***** Data for analysis

lemma tendsto_L2sq:
  fixes U :: "nat \<Rightarrow> real \<Rightarrow> 'a::{complex_inner, second_countable_topology}"
  assumes L2: "u \<in> L2" "\<And>n. U n \<in> L2" and lim: "(\<lambda>n. L2sq (\<lambda>t. U n t - u t)) \<longlonglongrightarrow> 0"
  shows "(\<lambda>n. L2sq (U n)) \<longlonglongrightarrow> L2sq u"
proof -
  define W where "W n t = U n t - u t" for n t
  have W: "W n \<in> L2" for n unfolding W_def by (intro L2_diff L2)
  have W0: "(\<lambda>n. L2sq (W n)) \<longlonglongrightarrow> 0" using lim unfolding W_def .
  have expand: "L2sq (U n) = L2sq u + 2 * Re (Kinner u (W n)) + L2sq (W n)" for n
    using L2sq_add_scaleR[OF L2(1) W, of 1] by (simp add: W_def)
  have "norm (Re (Kinner u (W n))) \<le> sqrt (L2sq u) * sqrt (L2sq (W n))" for n
    using real_sqrt_le_mono[OF Re_Kinner_Cauchy_Schwarz[OF L2(1) W, of n]]
    by (simp add: real_sqrt_mult)
  moreover have "(\<lambda>n. sqrt (L2sq u) * sqrt (L2sq (W n))) \<longlonglongrightarrow> 0"
    using tendsto_mult_left[OF tendsto_real_sqrt[OF W0], of "sqrt (L2sq u)"] by simp
  ultimately have "(\<lambda>n. Re (Kinner u (W n))) \<longlonglongrightarrow> 0"
    by (rule Lim_null_comparison[OF always_eventually[OF allI]])
  from tendsto_add[OF tendsto_add[OF tendsto_const tendsto_mult_left[OF this]] W0]
  show ?thesis by (simp add: expand)
qed

lemma L2sq_midpoint:
  fixes a a' x :: "real \<Rightarrow> 'a::{complex_inner, second_countable_topology}"
  assumes L2: "a \<in> L2" "a' \<in> L2" "x \<in> L2"
  shows "L2sq (\<lambda>t. a' t - a t) + 4 * L2sq (\<lambda>t. x t - (1/2) *\<^sub>R (a t + a' t))
       = 2 * L2sq (\<lambda>t. x t - a t) + 2 * L2sq (\<lambda>t. x t - a' t)"
proof -
  \<comment> \<open>the parallelogram law for \<open>x - a\<close> and \<open>x - a'\<close>, integrated\<close>
  have pointwise: "(norm (q - p))\<^sup>2 + 4 * (norm (z - (1/2) *\<^sub>R (p + q)))\<^sup>2
                = 2 * (norm (z - p))\<^sup>2 + 2 * (norm (z - q))\<^sup>2" for p q z :: 'a
  proof -
    have "(z - p) + 1 *\<^sub>R (z - q) = 2 *\<^sub>R (z - (1/2) *\<^sub>R (p + q))"
      by (simp add: algebra_simps scaleR_2)
    then have sum: "(norm ((z - p) + 1 *\<^sub>R (z - q)))\<^sup>2 = 4 * (norm (z - (1/2) *\<^sub>R (p + q)))\<^sup>2"
      by (simp add: power_mult_distrib)
    have diff: "(z - p) + (- 1) *\<^sub>R (z - q) = q - p" by simp
    show ?thesis
      using power2_norm_add_scaleR[of "z - p" 1 "z - q"] power2_norm_add_scaleR[of "z - p" "- 1" "z - q"]
      unfolding sum diff by simp
  qed
  have int: "integrable Rplus (\<lambda>t. (norm (a' t - a t))\<^sup>2)"
    "integrable Rplus (\<lambda>t. (norm (x t - (1/2) *\<^sub>R (a t + a' t)))\<^sup>2)"
    "integrable Rplus (\<lambda>t. (norm (x t - a t))\<^sup>2)" "integrable Rplus (\<lambda>t. (norm (x t - a' t))\<^sup>2)"
    by (intro L2_integrable_power2 L2_diff L2_scaleR L2_add L2)+
  have "L2sq (\<lambda>t. a' t - a t) + 4 * L2sq (\<lambda>t. x t - (1/2) *\<^sub>R (a t + a' t))
      = (\<integral>t. (norm (a' t - a t))\<^sup>2 + 4 * (norm (x t - (1/2) *\<^sub>R (a t + a' t)))\<^sup>2 \<partial>Rplus)"
    unfolding L2sq_def using int by simp
  also have "\<dots> = (\<integral>t. 2 * (norm (x t - a t))\<^sup>2 + 2 * (norm (x t - a' t))\<^sup>2 \<partial>Rplus)"
    by (simp only: pointwise)
  also have "\<dots> = 2 * L2sq (\<lambda>t. x t - a t) + 2 * L2sq (\<lambda>t. x t - a' t)"
    unfolding L2sq_def using int by simp
  finally show ?thesis .
qed

section \<open>Completeness of \<open>L2\<close>\<close>

lemma sum_power_half_le: "(\<Sum>i = n..<m. (1/2::real)^i) \<le> 2 * (1/2)^n"
proof (cases "n \<le> m")
  case True
  have "(\<Sum>i = n..<m. (1/2::real)^i) = 2 * ((1/2)^n - (1/2)^m)"
    using True by (induction m rule: dec_induct) (simp_all add: sum.atLeastLessThan_Suc)
  then show ?thesis by simp
qed simp

lemma power2_norm_diff_le_weighted_increments:
  fixes F :: "nat \<Rightarrow> 'a::real_normed_vector"
  assumes summable: "summable (\<lambda>i. 2^i * (norm (F (Suc i) - F i))\<^sup>2)" and "n \<le> m"
  shows "(norm (F m - F n))\<^sup>2 \<le> 2 * (1/2)^n * (\<Sum>i. 2^i * (norm (F (Suc i) - F i))\<^sup>2)"
proof -
  define d where "d i = norm (F (Suc i) - F i)" for i
  have "norm (F m - F n) \<le> (\<Sum>i = n..<m. d i)"
    using sum_Suc_diff'[OF \<open>n \<le> m\<close>, of F] unfolding d_def by (metis norm_sum)
  then have "(norm (F m - F n))\<^sup>2 \<le> (\<Sum>i = n..<m. d i)\<^sup>2" by (simp add: power_mono)
  \<comment> \<open>Cauchy--Schwarz with the weights \<open>2^-i\<close> and \<open>2^i\<close>\<close>
  also have "(\<Sum>i = n..<m. d i) = (\<Sum>i = n..<m. sqrt ((1/2)^i) * (sqrt (2^i) * d i))"
    by (simp add: real_sqrt_mult[symmetric] power_mult_distrib[symmetric] mult.assoc[symmetric])
  also have "(\<dots>)\<^sup>2 \<le> (\<Sum>i = n..<m. (sqrt ((1/2)^i))\<^sup>2) * (\<Sum>i = n..<m. (sqrt (2^i) * d i)\<^sup>2)"
    by (rule Cauchy_Schwarz_ineq_sum)
  also have "\<dots> = (\<Sum>i = n..<m. (1/2)^i) * (\<Sum>i = n..<m. 2^i * (d i)\<^sup>2)"
    by (simp add: power_mult_distrib)
  also have "\<dots> \<le> (2 * (1/2)^n) * (\<Sum>i. 2^i * (d i)\<^sup>2)"
  proof (rule mult_mono)
    show "(\<Sum>i = n..<m. 2^i * (d i)\<^sup>2) \<le> (\<Sum>i. 2^i * (d i)\<^sup>2)"
      by (rule sum_le_suminf) (use summable in \<open>auto simp: d_def\<close>)
  qed (auto simp: sum_power_half_le intro: sum_nonneg)
  finally show ?thesis unfolding d_def .
qed

lemma Cauchy_if_norm_diff_le:
  fixes X :: "nat \<Rightarrow> 'a::real_normed_vector"
  assumes bound: "\<And>n m. n \<le> m \<Longrightarrow> norm (X m - X n) \<le> B n" and "B \<longlonglongrightarrow> 0"
  shows "Cauchy X"
proof (rule CauchyI)
  fix e :: real assume "0 < e"
  then obtain N where N: "\<And>n. n \<ge> N \<Longrightarrow> B n < e"
    using order_tendstoD(2)[OF \<open>B \<longlonglongrightarrow> 0\<close>] by (auto simp: eventually_sequentially)
  have "norm (X m - X n) < e" if "m \<ge> N" "n \<ge> N" for m n
    using bound[of n m] bound[of m n] N[OF that(1)] N[OF that(2)]
    by (cases "n \<le> m") (auto simp: norm_minus_commute)
  then show "\<exists>M. \<forall>m\<ge>M. \<forall>n\<ge>M. norm (X m - X n) < e" by blast
qed

lemma AE_Cauchy_imp_AE_tendsto:
  fixes F :: "nat \<Rightarrow> 'a \<Rightarrow> 'b::{complete_space, metric_space}"
  assumes [measurable]: "\<And>n. F n \<in> borel_measurable M" and "AE x in M. Cauchy (\<lambda>n. F n x)"
  obtains f where "f \<in> borel_measurable M" "AE x in M. (\<lambda>n. F n x) \<longlonglongrightarrow> f x"
proof -
  obtain N where N: "{x \<in> space M. \<not> Cauchy (\<lambda>n. F n x)} \<subseteq> N" "emeasure M N = 0"
    and [measurable]: "N \<in> sets M"
    by (rule AE_E[OF assms(2)])
  have null: "N \<in> null_sets M" using N(2) by (simp add: null_setsI)
  define f where "f x = (if x \<in> N then F 0 x else lim (\<lambda>n. F n x))" for x
  have lim: "(\<lambda>n. if x \<in> N then F 0 x else F n x) \<longlonglongrightarrow> f x" if "x \<in> space M" for x
    using N(1) that unfolding f_def by (auto simp: Cauchy_convergent_iff convergent_LIMSEQ_iff)
  have "f \<in> borel_measurable M"
  proof (rule borel_measurable_LIMSEQ_metric[OF _ lim])
    show "(\<lambda>x. if x \<in> N then F 0 x else F i x) \<in> borel_measurable M" for i by measurable
  qed
  moreover have "AE x in M. (\<lambda>n. F n x) \<longlonglongrightarrow> f x"
  proof (rule AE_I'[OF null])
    have "(\<lambda>n. F n x) \<longlonglongrightarrow> f x" if "x \<in> space M" "x \<notin> N" for x
      using lim[OF that(1)] that(2) by simp
    then show "{x \<in> space M. \<not> (\<lambda>n. F n x) \<longlonglongrightarrow> f x} \<subseteq> N" by blast
  qed
  ultimately show ?thesis by (rule that)
qed

lemma AE_summable_if_summable_integrals:
  fixes a :: "nat \<Rightarrow> 'b \<Rightarrow> real"
  assumes int: "\<And>i. integrable M (a i)" and nonneg: "\<And>i x. 0 \<le> a i x"
    and summable: "summable (\<lambda>i. integral\<^sup>L M (a i))"
  shows "AE x in M. summable (\<lambda>i. a i x)"
proof -
  have [measurable]: "a i \<in> borel_measurable M" for i using int by simp
  have "(\<integral>\<^sup>+x. (\<Sum>i. ennreal (a i x)) \<partial>M) = (\<Sum>i. \<integral>\<^sup>+x. ennreal (a i x) \<partial>M)"
    by (rule nn_integral_suminf) measurable
  also have "\<dots> = ennreal (\<Sum>i. integral\<^sup>L M (a i))"
    using nn_integral_eq_integral[OF int] nonneg integral_nonneg_AE
    by (simp add: suminf_ennreal2[OF _ summable])
  finally have "(\<integral>\<^sup>+x. (\<Sum>i. ennreal (a i x)) \<partial>M) \<noteq> \<infinity>" by simp
  then have "AE x in M. (\<Sum>i. ennreal (a i x)) \<noteq> \<infinity>"
    by (intro nn_integral_PInf_AE) auto
  then show ?thesis
    by eventually_elim (auto intro: summable_suminf_not_top simp: nonneg)
qed

lemma L2_fast_sequence_dominated:
  fixes F :: "nat \<Rightarrow> real \<Rightarrow> 'a::{complex_inner, second_countable_topology}"
  assumes L2: "\<And>n. F n \<in> L2" and fast: "\<And>n. L2sq (\<lambda>t. F (Suc n) t - F n t) \<le> C * (1/4)^n"
  obtains R where "integrable Rplus R"
    "AE t in Rplus. \<forall>n m. n \<le> m \<longrightarrow> (norm (F m t - F n t))\<^sup>2 \<le> 2 * (1/2)^n * R t"
proof
  define a where "a i t = 2^i * (norm (F (Suc i) t - F i t))\<^sup>2" for i t
  have nonneg: "0 \<le> a i t" for i t unfolding a_def by simp
  have int: "integrable Rplus (a i)" for i
    unfolding a_def by (intro integrable_mult_right L2_integrable_power2 L2_diff L2)
  have integral_le: "integral\<^sup>L Rplus (a i) \<le> C * (1/2)^i" for i
  proof -
    have "integral\<^sup>L Rplus (a i) = 2^i * L2sq (\<lambda>t. F (Suc i) t - F i t)"
      unfolding a_def L2sq_def by simp
    also have "\<dots> \<le> 2^i * (C * (1/4)^i)" using fast[of i] by simp
    also have "\<dots> = C * (2^i * (1/4)^i)" by simp
    also have "(2::real)^i * (1/4)^i = (1/2)^i" by (simp flip: power_mult_distrib)
    finally show ?thesis .
  qed
  have "summable (\<lambda>i. C * (1/2::real)^i)" by (intro summable_mult summable_geometric) simp
  moreover have "norm (integral\<^sup>L Rplus (a i)) \<le> C * (1/2)^i" if "i \<ge> 0" for i
    using integral_le[of i] integral_nonneg_AE[of "a i" Rplus] nonneg by simp
  ultimately have summable_integrals: "summable (\<lambda>i. integral\<^sup>L Rplus (a i))"
    by (rule summable_comparison_test')
  then have summable: "AE t in Rplus. summable (\<lambda>i. a i t)"
    by (rule AE_summable_if_summable_integrals[OF int nonneg])
  show "integrable Rplus (\<lambda>t. \<Sum>i. a i t)"
    using summable summable_integrals
    by (intro integrable_suminf int) (simp_all add: nonneg)
  show "AE t in Rplus. \<forall>n m. n \<le> m \<longrightarrow> (norm (F m t - F n t))\<^sup>2 \<le> 2 * (1/2)^n * (\<Sum>i. a i t)"
    using summable
  proof eventually_elim
    case (elim t)
    then show ?case
      using power2_norm_diff_le_weighted_increments[of "\<lambda>i. F i t"] unfolding a_def by simp
  qed
qed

**********

#### [Problem description]
Your answer should be each line of the data that contains the word "partial", copied as it stands.

#### [Answer below]
      = (\<integral>t. (norm (a' t - a t))\<^sup>2 + 4 * (norm (x t - (1/2) *\<^sub>R (a t + a' t)))\<^sup>2 \<partial>Rplus)"
  also have "\<dots> = (\<integral>t. 2 * (norm (x t - a t))\<^sup>2 + 2 * (norm (x t - a' t))\<^sup>2 \<partial>Rplus)"
  have "(\<integral>\<^sup>+x. (\<Sum>i. ennreal (a i x)) \<partial>M) = (\<Sum>i. \<integral>\<^sup>+x. ennreal (a i x) \<partial>M)"
  finally have "(\<integral>\<^sup>+x. (\<Sum>i. ennreal (a i x)) \<partial>M) \<noteq> \<infinity>" by simp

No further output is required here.